Los simbolismos y analogías son disfrazadas de realismo, como si fueran asuntos de la cotidianidad, de la vida común y corriente en una cinta más centrada en Georges, quien con su infinita paciencia ante la adversidad deviene colosal, mientras ella nos resulta sobresaliente al recrear con el máximo detallismo el proceso de deterioro de la salud física y mental, con una gran verosimilitud y realismo, como podemos verlo en las personas, que solemos encontrarnos en la vida con trastornos semejantes, sin querer convertirse en una carga, a pesar de los momentos lúcidos en que tiene consciencia de sus limitaciones in crescendo hasta finalmente desconectarse del mundo de la vida, para cumplir con sus necesidades más primarias.

Isabel Huppert será la hija, quien no tiene tiempo para ellos, con la terrible soledad de los ancianos, ya descrita por Simone de Beauvoir, en su gran ensayo sobre la vejez.[2]
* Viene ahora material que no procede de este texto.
text \<open>
  Let \<open>q = p0 + \<lambda> p0 Q\<close> be the explicit Euler step; for small \<open>\<lambda>\<close> it lies in the
  simplex because \<open>Q\<close> is a rate matrix. Reversibility makes \<open>v \<mapsto> v Q\<close> self-adjoint for
  \<open>\<langle>_, _\<rangle>\<^sub>\<pi>\<close>, so writing the minimizer as \<open>q + d\<close>, the objective \<open>F\<close> satisfies
  \<open>F (q + d) - F q = \<parallel>d\<parallel>\<^sub>\<pi>\<^sup>2 / 2 - \<lambda>\<^sup>2 \<langle>p0 Q\<^sup>2, d\<rangle>\<^sub>\<pi> - (\<lambda>/2) \<langle>d Q, d\<rangle>\<^sub>\<pi>\<close>.
  Minimality makes this nonpositive, and for small \<open>\<lambda>\<close> the last term is absorbed into the
  first, leaving \<open>\<parallel>d\<parallel> = O(\<lambda>\<^sup>2)\<close>. The tail of the exponential series gives
  \<open>p0 exp(\<lambda> Q) - q = O(\<lambda>\<^sup>2)\<close> as well.
\<close>

definition entrywise_l1 :: "real^'n^'m \<Rightarrow> real" where
  "entrywise_l1 A = (\<Sum>i\<in>UNIV. \<Sum>j\<in>UNIV. \<bar>A $ i $ j\<bar>)"

lemma entrywise_l1_nonneg: "0 \<le> entrywise_l1 A"
  unfolding entrywise_l1_def by (intro sum_nonneg) auto

lemma abs_entry_le_entrywise_l1: "\<bar>A $ i $ j\<bar> \<le> entrywise_l1 A"
proof -
  have "\<bar>A $ i $ j\<bar> \<le> (\<Sum>j\<in>UNIV. \<bar>A $ i $ j\<bar>)"
    by (rule member_le_sum) auto
  also have "\<dots> \<le> entrywise_l1 A"
    unfolding entrywise_l1_def
    by (rule member_le_sum[of _ UNIV "\<lambda>i. \<Sum>j\<in>UNIV. \<bar>A $ i $ j\<bar>"]) (auto intro: sum_nonneg)
  finally show ?thesis .
qed

lemma norm_vector_matrix_mult_le: "norm (x v* (A::real^'n^'m)) \<le> entrywise_l1 A * norm x"
proof -
  have "onorm ((*v) (transpose A)) \<le> (\<Sum>i\<in>UNIV. \<Sum>j\<in>UNIV. \<bar>transpose A $ i $ j\<bar>)"
    by (rule onorm_le_matrix_component_sum)
  also have "\<dots> = entrywise_l1 A"
    unfolding entrywise_l1_def by (simp add: transpose_def) (rule sum.swap)
  finally have "onorm ((*v) (transpose A)) * norm x \<le> entrywise_l1 A * norm x"
    by (simp add: mult_right_mono)
  moreover have "norm (transpose A *v x) \<le> onorm ((*v) (transpose A)) * norm x"
    by (intro onorm matrix_vector_mul_bounded_linear)
  ultimately show ?thesis by simp
qed

lemma norm_vector_mat_pow_le: "norm (x v* mat_pow A k) \<le> entrywise_l1 A ^ k * norm x"
proof (induction k)
  case (Suc k)
  have "norm (x v* mat_pow A (Suc k)) = norm ((x v* mat_pow A k) v* A)"
    by (simp add: vector_matrix_mul_assoc)
  also have "\<dots> \<le> entrywise_l1 A * norm (x v* mat_pow A k)"
    by (rule norm_vector_matrix_mult_le)
  also have "\<dots> \<le> entrywise_l1 A * (entrywise_l1 A ^ k * norm x)"
    by (intro mult_left_mono Suc entrywise_l1_nonneg)
  finally show ?case by (simp add: mult_ac)
qed simp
Al volver del concierto y la pareja encontrar la llave forzada, es como si Haneke, nos advirtiera, que íbamos a entrar en la casa, con una violación de domicilio, para adentrarnos en su hogar, poco a poco, a la medida, que los personajes nos lo permiten, como si fuéramos nosotros mismos la muerte, que se acerca hasta adueñarnos de todo, en ese mundo sutilmente sórdido, donde escucharemos esporádicamente a Schubert, Beethoven y Bach, en medio de un silencio general, interrumpido por algunos parlamentos de los personajes, en una cinta, que no generó en mí ningún reproche, a pesar de ser entre despiadada y humanista, en un ámbito claustofobígeno, que, a mí no me resultó asfixiante sino más bien tierna sobre la soledad de una pareja de esposos, cultos y elegantes, al final de sus días juntos, así algún crítico considere que a Haneke, más que importarle la piedad, gusta de mostrarnos la decadencia, porque, para nada, me resultó un filme tremendista sino más bien con un tono bergmaniano, con un toque muy europeo con planos largos, profundos y llenos de austeridad,  con un guión sencillo tampoco podría decir como algún critico, que es una putada, por el director someternos a tanto dolor.
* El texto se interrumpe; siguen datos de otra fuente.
(* A word u with x_indices N u = [1..<Suc N] has the form a x_1 s_1 ... x_N s_N with a and the s_i
   free of x_1, ..., x_N; its signed orbit is a * Cap_N(x; s_1, ..., s_N). *)
lemma signed_orbit_in_CAP:
  assumes "x_indices N u = [1..<Suc N]"
  shows "signed_orbit N u \<in> CAP N"
proof -
  obtain a ss where u: "u = a @ concat (map2 (\<lambda>i s. X i # s) [1..<Suc N] ss)"
    and ss: "length ss = N" "x_indices N a = []" "\<forall>s\<in>set ss. x_indices N s = []"
    using x_indices_decomposition[of u N] assms by auto
  have "map2 (\<lambda>i s. X i # s) [1..<Suc N] ss = map (\<lambda>i. X i # ss ! (i - 1)) [1..<Suc N]"
    using ss(1) by (intro nth_equalityI) (auto simp del: upt_Suc)
  with u have u: "u = a @ concat (map (\<lambda>i. X i # ss ! (i - 1)) [1..<Suc N])"
    by simp
  define seg where "seg v = (case v of Y i \<Rightarrow> ss ! (i - 1) | _ \<Rightarrow> [v])" for v
  have orbit_word: "map (rename_x \<pi>) u = a @ List.bind (concat (map (\<lambda>i. [X (\<pi> i), Y i]) [1..<N+1])) seg"
    if "\<pi> permutes {1..N}" for \<pi>
  proof -
    have bind_seg: "List.bind (concat (map (\<lambda>i. [X (\<pi> i), Y i]) L)) seg
        = concat (map (\<lambda>i. X (\<pi> i) # ss ! (i - 1)) L)" for L
      by (induction L) (simp_all add: seg_def)
    have segs_fixed: "map (\<lambda>i. X (\<pi> i) # map (rename_x \<pi>) (ss ! (i - 1))) [1..<Suc N]
        = map (\<lambda>i. X (\<pi> i) # ss ! (i - 1)) [1..<Suc N]"
      using ss(1,3) by (auto intro!: rename_x_x_indices_Nil[OF that] simp del: upt_Suc)
    have "map (rename_x \<pi>) u
        = map (rename_x \<pi>) a @ concat (map (\<lambda>i. X (\<pi> i) # map (rename_x \<pi>) (ss ! (i - 1))) [1..<Suc N])"
      by (simp add: u map_concat comp_def del: upt_Suc)
    then show ?thesis
      by (simp only: Suc_eq_plus1[symmetric] segs_fixed bind_seg rename_x_x_indices_Nil[OF that ss(2)])
  qed
  then have "signed_orbit N u
      = fcomb {\<pi>. \<pi> permutes {1..N}} (\<lambda>\<pi>. of_int (sign \<pi>))
          (\<lambda>\<pi>. a @ List.bind (concat (map (\<lambda>i. [X (\<pi> i), Y i]) [1..<N+1])) seg)"
    unfolding signed_orbit_def fcomb_def by (intro ext sum.cong refl) simp
  also have "\<dots> = fmul (fmon a) (fsubst (\<lambda>v. fmon (seg v)) (fcap N (\<lambda>i. fmon [X i]) (\<lambda>i. fmon [Y i])))"
    unfolding fcap_eq_fcomb fsubst_fmon_fcomb[OF finite_permutations[OF finite_atLeastAtMost]]
      fmul_fmon_fcomb ..
  also have "\<dots> \<in> CAP N"
    unfolding CAP_def by (intro tideal.lmul tideal.subst tideal.gen) (simp_all add: fpoly_fmon)
  finally show ?thesis .
qed

lemma standard_word_exists:
  assumes "\<And>i. i \<in> {1..N} \<Longrightarrow> count_list v (X i) = 1"
  shows "\<exists>u \<pi>. \<pi> permutes {1..N} \<and> x_indices N u = [1..<Suc N] \<and> map (rename_x \<pi>) u = v"
proof -
  note xs = x_indices_multilinear[of N v, OF assms]
  obtain \<pi> where \<pi>: "\<pi> permutes {1..N}" "map \<pi> [1..<Suc N] = x_indices N v"
    using permutes_of_distinct_list[OF xs(1)] xs(2,3) by (auto simp del: upt_Suc)
  have "x_indices N (map (rename_x (inv \<pi>)) v) = [1..<Suc N]"
    by (simp add: x_indices_rename_x[OF permutes_inv[OF \<pi>(1)]] permutes_inv_o(2)[OF \<pi>(1)]
        del: upt_Suc flip: \<pi>(2))
  moreover have "map (rename_x \<pi>) (map (rename_x (inv \<pi>)) v) = v"
    by (simp add: rename_x_inverse_comp[OF \<pi>(1)])
  ultimately show ?thesis
    using \<pi>(1) by blast
qed

lemma standard_word_unique:
  assumes "\<pi> permutes {1..N}" "\<pi>' permutes {1..N}"
    and "x_indices N u = [1..<Suc N]" "x_indices N u' = [1..<Suc N]"
    and "map (rename_x \<pi>) u = map (rename_x \<pi>') u'"
  shows "\<pi> = \<pi>' \<and> u = u'"
proof -
  have "map \<pi> [1..<Suc N] = map \<pi>' [1..<Suc N]"
    using arg_cong[OF assms(5), of "x_indices N"] assms(3,4)
    by (simp add: x_indices_rename_x[OF assms(1)] x_indices_rename_x[OF assms(2)])
  then have "\<pi> i = \<pi>' i" for i
    using permutes_not_in[OF assms(1)] permutes_not_in[OF assms(2)]
    by (cases "i \<in> {1..N}") (auto simp del: upt_Suc)
  then have "\<pi> = \<pi>'" ..
  moreover have "inj (map (rename_x \<pi>))"
    by (intro inj_mapI inj_rename_x permutes_inj[OF assms(1)])
  ultimately show ?thesis
    using assms(5) by (auto dest: injD)
qed

lemma sign_alternating_in_CAP:
  fixes g :: "'c::comm_ring_1 fa"
  assumes g: "fpoly g" "multilinear N g" "sign_alternating N g"
  shows "g \<in> CAP N"
proof -
  \<comment> \<open>(u, \<pi>) \<mapsto> map (rename_x \<pi>) u maps Std \<times> Perms bijectively onto the support of g.\<close>
  define Std where "Std = {u. g u \<noteq> 0 \<and> x_indices N u = [1..<Suc N]}"
  define Perms where "Perms = {\<pi>. \<pi> permutes {1..N}}"
  have "finite Std"
    using g(1) by (auto simp: fpoly_def Std_def intro: finite_subset)
  have "(\<Sum>u\<in>Std. g u * signed_orbit N u v) = g v" for v
  proof -
    have "(\<Sum>u\<in>Std. g u * signed_orbit N u v)
        = (\<Sum>(u, \<pi>)\<in>Std \<times> Perms. if map (rename_x \<pi>) u = v then g v else 0)"
      unfolding signed_orbit_def fcomb_def sum_distrib_left sum.cartesian_product Perms_def
      by (intro sum.cong refl) (auto simp: fmon_apply sign_alternatingD[OF g(3)] mult.commute)
    also have "\<dots> = g v"
    proof (cases "g v = 0")
      case False
      then obtain u0 \<pi>0 where std: "\<pi>0 permutes {1..N}" "x_indices N u0 = [1..<Suc N]"
        "map (rename_x \<pi>0) u0 = v"
        using standard_word_exists g(2) by (metis multilinear_def)
      then have "g u0 \<noteq> 0"
        using False sign_alternating_zero_iff[OF g(3)] by blast
      with std have mem: "(u0, \<pi>0) \<in> Std \<times> Perms"
        by (simp add: Std_def Perms_def)
      have "map (rename_x (snd p)) (fst p) = v \<longleftrightarrow> p = (u0, \<pi>0)" if "p \<in> Std \<times> Perms" for p
        using that std standard_word_unique[of "snd p" N \<pi>0 "fst p" u0]
        by (auto simp: Std_def Perms_def)
      then have "(\<Sum>(u, \<pi>)\<in>Std \<times> Perms. if map (rename_x \<pi>) u = v then g v else 0)
          = (\<Sum>p\<in>Std \<times> Perms. if p = (u0, \<pi>0) then g v else 0)"
        by (intro sum.cong refl) (simp add: split_def)
      also have "\<dots> = g v"
        using mem \<open>finite Std\<close> finite_permutations[of "{1..N}"] by (simp add: Perms_def sum.delta')
      finally show ?thesis .
    qed (auto intro!: sum.neutral)
    finally show ?thesis .
  qed
  then have "g = (\<lambda>v. \<Sum>u\<in>Std. g u * signed_orbit N u v)"
    by (simp add: fun_eq_iff)
  also have "\<dots> \<in> CAP N"
    using signed_orbit_in_CAP \<open>finite Std\<close> unfolding CAP_def Std_def
    by (intro tideal_sum tideal_smult) auto
  finally show ?thesis .
qed

section \<open>The alternating sum over subsets\<close>

definition z_before_last :: "nat \<Rightarrow> nat \<Rightarrow> var \<Rightarrow> var list" where
  "z_before_last N m v = (if v = X N then replicate m Z @ [X N] else [v])"

definition z_before :: "nat set \<Rightarrow> var \<Rightarrow> var list" where
  "z_before S v = (case v of X i \<Rightarrow> if i \<in> S then [Z, X i] else [X i] | _ \<Rightarrow> [v])"

lemma bind_replicate_Z_z_before [simp]: "List.bind (replicate m Z) (z_before S) = replicate m Z"
  by (induction m) (simp_all add: z_before_def)

lemma antisym_last_z_before_last_in_CAP:
  fixes f :: "'c::comm_ring_1 fa"
  assumes f: "fpoly f" "multilinear (Suc n) f" "alternating n f"
  shows "antisym_last (Suc n) (fsubst (\<lambda>v. fmon (z_before_last (Suc n) m v)) f) \<in> CAP (Suc n)"
proof -
  let ?h = "fsubst (\<lambda>v. fmon (z_before_last (Suc n) m v)) f"
  have h: "fpoly ?h" "multilinear (Suc n) ?h" "sign_alternating n ?h"
  proof -
    show "fpoly ?h" by (rule fpoly_fsubst_fmon[OF f(1)])
    show "multilinear (Suc n) ?h"
      by (rule multilinear_fsubst_fmon[OF f(1,2)]) (simp add: z_before_last_def)
    have "map (rename_x \<pi>) (z_before_last (Suc n) m v) = z_before_last (Suc n) m (rename_x \<pi> v)"
      if "\<pi> permutes {1..n}" for \<pi> v
      using permutes_not_in[OF that, of "Suc n"] permutes_inverses(2)[OF that]
      by (cases v) (auto simp: z_before_last_def, metis)
    then show "sign_alternating n ?h"
      by (intro sign_alternating_fsubst_fmon f(1) alternating_imp_sign_alternating f(3))
  qed
  show ?thesis
    by (intro sign_alternating_in_CAP fpoly_antisym_last multilinear_antisym_last
        sign_alternating_antisym_last h)
qed

definition coset_word :: "nat \<Rightarrow> nat set \<Rightarrow> nat \<Rightarrow> var \<Rightarrow> var list" where
  "coset_word n S k v =
     List.bind (map (rename_x (transpose k (Suc n))) (z_before_last (Suc n) (n - card S) v)) (z_before S)"

lemma fsubst_z_before_antisym_last:
  assumes "fpoly f"
  shows "fsubst (\<lambda>v. fmon (z_before S v))
           (antisym_last (Suc n) (fsubst (\<lambda>v. fmon (z_before_last (Suc n) (n - card S) v)) f)) u
       = (\<Sum>k\<in>{1..Suc n}. of_int (sign (transpose k (Suc n))) * fsubst (\<lambda>v. fmon (coset_word n S k v)) f u)"
  unfolding antisym_last_eq_fsubst[OF fpoly_fsubst_fmon[OF assms]]
  by (subst fsubst_sum) (simp_all add: assms fpoly_fsubst_fmon fsubst_fmon_fsubst_fmon coset_word_def)

lemma delta_sub_eq_coset_word:
  assumes "S \<subseteq> {1..n}"
  shows "delta_sub n S (card S) = (\<lambda>v. fmon (coset_word n S (Suc n) v))"
proof
  fix v
  have "Suc n \<notin> S" using assms by auto
  with assms show "delta_sub n S (card S) v = fmon (coset_word n S (Suc n) v)"
    by (cases v) (auto simp: delta_sub_def coset_word_def z_before_last_def z_before_def)
qed

(* For k <= n the k-th coset word puts z^(n-|S|) in front of x_k, and one more z if k is in S;
   so it does not matter whether k belongs to S. *)
lemma coset_word_Diff:
  assumes "S \<subseteq> {1..n}" "k \<in> {1..n}"
  shows "coset_word n S k = coset_word n (S - {k}) k"
proof
  fix v
  show "coset_word n S k v = coset_word n (S - {k}) k v"
  proof (cases "k \<in> S")
    case True
    have "finite S" using assms(1) finite_subset by blast
    then have "n - card (S - {k}) = Suc (n - card S)"
      using True card_mono[OF _ assms(1)] card_Diff_singleton[of k S] card_gt_0_iff[of S] by auto
    moreover have "Suc n \<notin> S" "k \<noteq> Suc n" using assms by auto
    ultimately show ?thesis
      using True by (cases v) (auto simp: coset_word_def z_before_last_def z_before_def
          transpose_def replicate_append_same[symmetric])
  qed simp
qed

lemma sum_Pow_alternating_cancel:
  fixes \<phi> :: "'a set \<Rightarrow> 'c::comm_ring_1"
  assumes "finite A" "k \<in> A" "\<And>S. S \<subseteq> A \<Longrightarrow> \<phi> S = \<phi> (S - {k})"
  shows "(\<Sum>S\<in>Pow A. (-1) ^ card S * \<phi> S) = 0"
proof -
  define B where "B = A - {k}"
  have A: "A = insert k B" "k \<notin> B" "finite B" using assms(1,2) by (auto simp: B_def)
  have inj: "inj_on (insert k) (Pow B)"
    using A(2) by (auto simp: inj_on_def)
  have "(\<Sum>S\<in>Pow A. (-1) ^ card S * \<phi> S)
      = (\<Sum>S\<in>Pow B. (-1) ^ card S * \<phi> S) + (\<Sum>S\<in>insert k ` Pow B. (-1) ^ card S * \<phi> S)"
    unfolding A(1) Pow_insert using A(2,3) by (intro sum.union_disjoint) auto
  also have "(\<Sum>S\<in>insert k ` Pow B. (-1) ^ card S * \<phi> S)
      = (\<Sum>S\<in>Pow B. (-1) ^ card (insert k S) * \<phi> (insert k S))"
    by (simp add: sum.reindex[OF inj])
  also have "(\<Sum>S\<in>Pow B. (-1) ^ card (insert k S) * \<phi> (insert k S)) = - (\<Sum>S\<in>Pow B. (-1) ^ card S * \<phi> S)"
    unfolding sum_negf[symmetric]
  proof (rule sum.cong[OF refl])
    fix S assume "S \<in> Pow B"
    then have "k \<notin> S" "finite S" "insert k S \<subseteq> A" "insert k S - {k} = S"
      using A finite_subset by auto
    then show "(-1) ^ card (insert k S) * \<phi> (insert k S) = - ((-1) ^ card S * \<phi> S)"
      using assms(3)[of "insert k S"] by simp
  qed
  finally show ?thesis by simp
qed

lemma sum_by_card_Pow:
  assumes "finite A" "card A \<le> n"
  shows "(\<Sum>j\<le>n. \<Sum>S\<in>{S. S \<subseteq> A \<and> card S = j}. F S j) = (\<Sum>S\<in>Pow A. F S (card S))"
proof -
  have "(\<Sum>S\<in>Pow A. F S (card S)) = (\<Sum>j\<in>{..n}. \<Sum>S\<in>{S \<in> Pow A. card S = j}. F S (card S))"
    by (rule sum.group[symmetric])
       (use assms in \<open>auto intro: order.trans[OF card_mono[of A]] simp: finite_subset\<close>)
  also have "\<dots> = (\<Sum>j\<le>n. \<Sum>S\<in>{S. S \<subseteq> A \<and> card S = j}. F S j)"
    by (intro sum.cong refl) auto
  finally show ?thesis ..
qed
Más bien, acuerdo con aquellos que consideran a Michael Haneke, un verdadero autor, con sus planos largos, por desasosegantes que resulten, con un excelente manejo del espacio, mientras asistimos a un sentimiento trágico de la vida, como diría yo con cierto distanciamiento brechtiano, que no nos permite la identificación con ninguno de los personajes, para darnos una lección sobre el final de la vida, sin que las escenas nos aterren en lo visual, aunque algo nos toque el corazón, porque tampoco el distanciamiento es tanto, que nos haga permanecer impávidos, ya que uno también tiene su corazoncito y, tal vez, nos permita pensar y llegar a nuestras propias conclusiones sobre los seres con quienes convivimos, con toda honestidad, con la amarga plenitud de un Ingmar Bergman, con una música excelente, sin excitarnos demasiado como las películas de acción, realizadas para que la gente salga del tædium vitæ; me parece una cinta hecha con muy buen gusto, cine culto, lo que la hizo ganadora del premio de la Federación Internacional de la Prensa Cinematográfica, en San Sebastián, el año de su lanzamiento, un organismo con doscientos veinticinco críticos del mundo y además la Palma de Oro del Festival de Cannes, ese mismo año, por lo que Heneke se consagra al nivel Aki Kaurismaki, Jean-Luc Godard, Pedro Almódovar y Roman Polanski, entre otros.


[1] Abuín, A. “Amor”, el último suspiro. https://www.espinof.com/criticas/amor-el-ultimo-suspiro

[2] Beauvoir, S. de. La vejez. 2a. ed, Suramericana, Buenos Aires, 197, 667 pp.